Horwitz is a psychologist and the mother of a university-aged daughter who struggles with chronic anxiety, panic and depression. The Burnaby resident, originally from Mexico, notes eating disorders may be the flavour of awareness in February, but it’s just one of many mental illnesses plaguing higher education students nationally.

Disturbing statistics have motivated SFU to implement a university-wide mental health strategy that few other post-secondary institutions are undertaking. It will enlist every student and faculty/staff member in recognizing, respecting and helping students with mental illness and its precursors. Its ultimate goal is to eliminate stigmatization and inspire compassion in an effort to reverse statistics indicating that up to 86 per cent of mentally ill students fail to complete their degrees.

According to 2007 National College Health Assessment results, one to 10 times annually, 39.4 per cent of SFU students feel so depressed it’s difficult for them to function and 65 per cent are depressed because they feel overwhelmed by all they do.

The World Health Organization estimates that by 2020, mental illness will be the leading cause of disability in the Western World.

Horwitz smiles when people bring up urban myths that purport SFU Burnaby’s grey tones in the winter inspire suicidal ideation. “Skyrocketing incidents of emotional and mental breakdown among post-secondary education students nationally, not just those at SFU, have to do with mounting stress.”

Horwitz adds: “Moderate stress can improve performance but sustained high stress becomes debilitating, leading to serious anxiety, depression and emotional breakdown. By week five every semester, which is about now, the number of students coming for counseling significantly increases. We may see as many as 50 new students in a week.”

“Mental health impacts overall wellbeing and student academic performance and success,” says Horwitz, whose own daughter’s anxiety has stymied her pursuit of a university education. “Students with psychiatric disorders are more likely to be employed if they can complete their higher education.”

Drawing on personal and professional experience, Horwitz believes SFU’s Mental Health Strategy will be successful only if all of the SFU community becomes involved, aware and compassionate.
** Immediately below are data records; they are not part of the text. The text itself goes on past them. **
text \<open>Besides the TBox, membership of a word \<open>R # us\<close> depends on the ABox only through
  \<open>\<exists>R(a)\<close> and the absence of entailed named \<open>R\<close>-successors of \<open>a\<close>, and the latter is inherited
  by sub-ABoxes.\<close>
lemma canon_dom_subtree_single_assertion:
  assumes "f \<in> Ab" and "a \<in> consts_of f" and "kb_entails_basic {f} T (Ex R) a"
  shows "canon_dom Ab T \<inter> subtree a R \<subseteq> canon_dom {f} T"
proof
  fix w assume "w \<in> canon_dom Ab T \<inter> subtree a R"
  then obtain us where w: "w = (a, R # us)" and "(a, R # us) \<in> canon_dom Ab T"
    by (auto simp: subtree_def)
  moreover have "const {f} \<subseteq> const Ab"
    using assms(1) by (auto simp: const_def)
  moreover have "kb_entails_role {f} T R a b \<Longrightarrow> kb_entails_role Ab T R a b" for b
    using assms(1) by (auto simp: kb_entails_role_def is_model_def)
  ultimately show "w \<in> canon_dom {f} T"
    using assms(2,3) by (auto simp: mem_canon_dom_iff const_def)
qed

lemma atom_hom_canon_single_assertion:
  assumes hom: "atom_hom (canon Ab T) h \<gamma>" and x: "x \<in> avars \<gamma>" "h x = (a, R # us)"
    and f: "f \<in> Ab" "a \<in> consts_of f" "kb_entails_basic {f} T (Ex R) a"
  shows "atom_hom (canon {f} T) h \<gamma>" and "v \<in> avars \<gamma> \<Longrightarrow> h v \<in> canon_dom {f} T"
proof -
  have x_sub: "h x \<in> subtree a R"
    using x(2) by (simp add: subtree_def)
  note sub = canon_dom_subtree_single_assertion[OF f]
  show "atom_hom (canon {f} T) h \<gamma>"
    using atom_hom_canon_transfer[OF hom x(1) x_sub sub] .
  assume "v \<in> avars \<gamma>"
  then have "h v \<in> canon_dom Ab T \<inter> insert (a, []) (subtree a R)"
    using atom_hom_canon_dom[OF hom] atom_hom_canon_subtree[OF hom x(1) x_sub] by blast
  with sub f(2) canon_dom_root[of a "{f}" T] show "h v \<in> canon_dom {f} T"
    by (auto simp: const_def)
qed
She says, “We need champions, supporters and believers in all areas of the university.”

Backgrounder: SFU engages everyone in beating mental illness

Among the dozens of initiatives SFU-HCS has launched to foster mental health:

  • Engage individuals, groups and administrators across all disciplines in developing initiatives that will increase protective factors while reducing risk factors for mental health.
  • Raise awareness of what contributes to factors along the continuum of mental wellness to mental illness; workshops to reduce stigmatism.
  • Revise and update policies affecting finances and conduct-disorder to be more sensitive to mentally ill students’ needs.
  • Maintain an up-to-date inventory of what every department at SFU is doing to support mental wellness.
  • Through a new program called Support Over Suicide (SOS), train as many people as possible in the university community to become gatekeepers. They will recognize signs of risk, provide support, refer and follow up.
  • An anti-stigma subcommittee is currently being formed. It will develop a strategy and recruit people to obliterate stigmatism on campus.
  • A student behavioural-intervention team will identify at-risk students, identify actions to manage their situation and help them achieve success at SFU.
  • An online support program is educating students about the addictive nature of social media and how it can deepen isolation and depression. New SFU e-support also has an interactive sleep diary to help students modify harmful habits.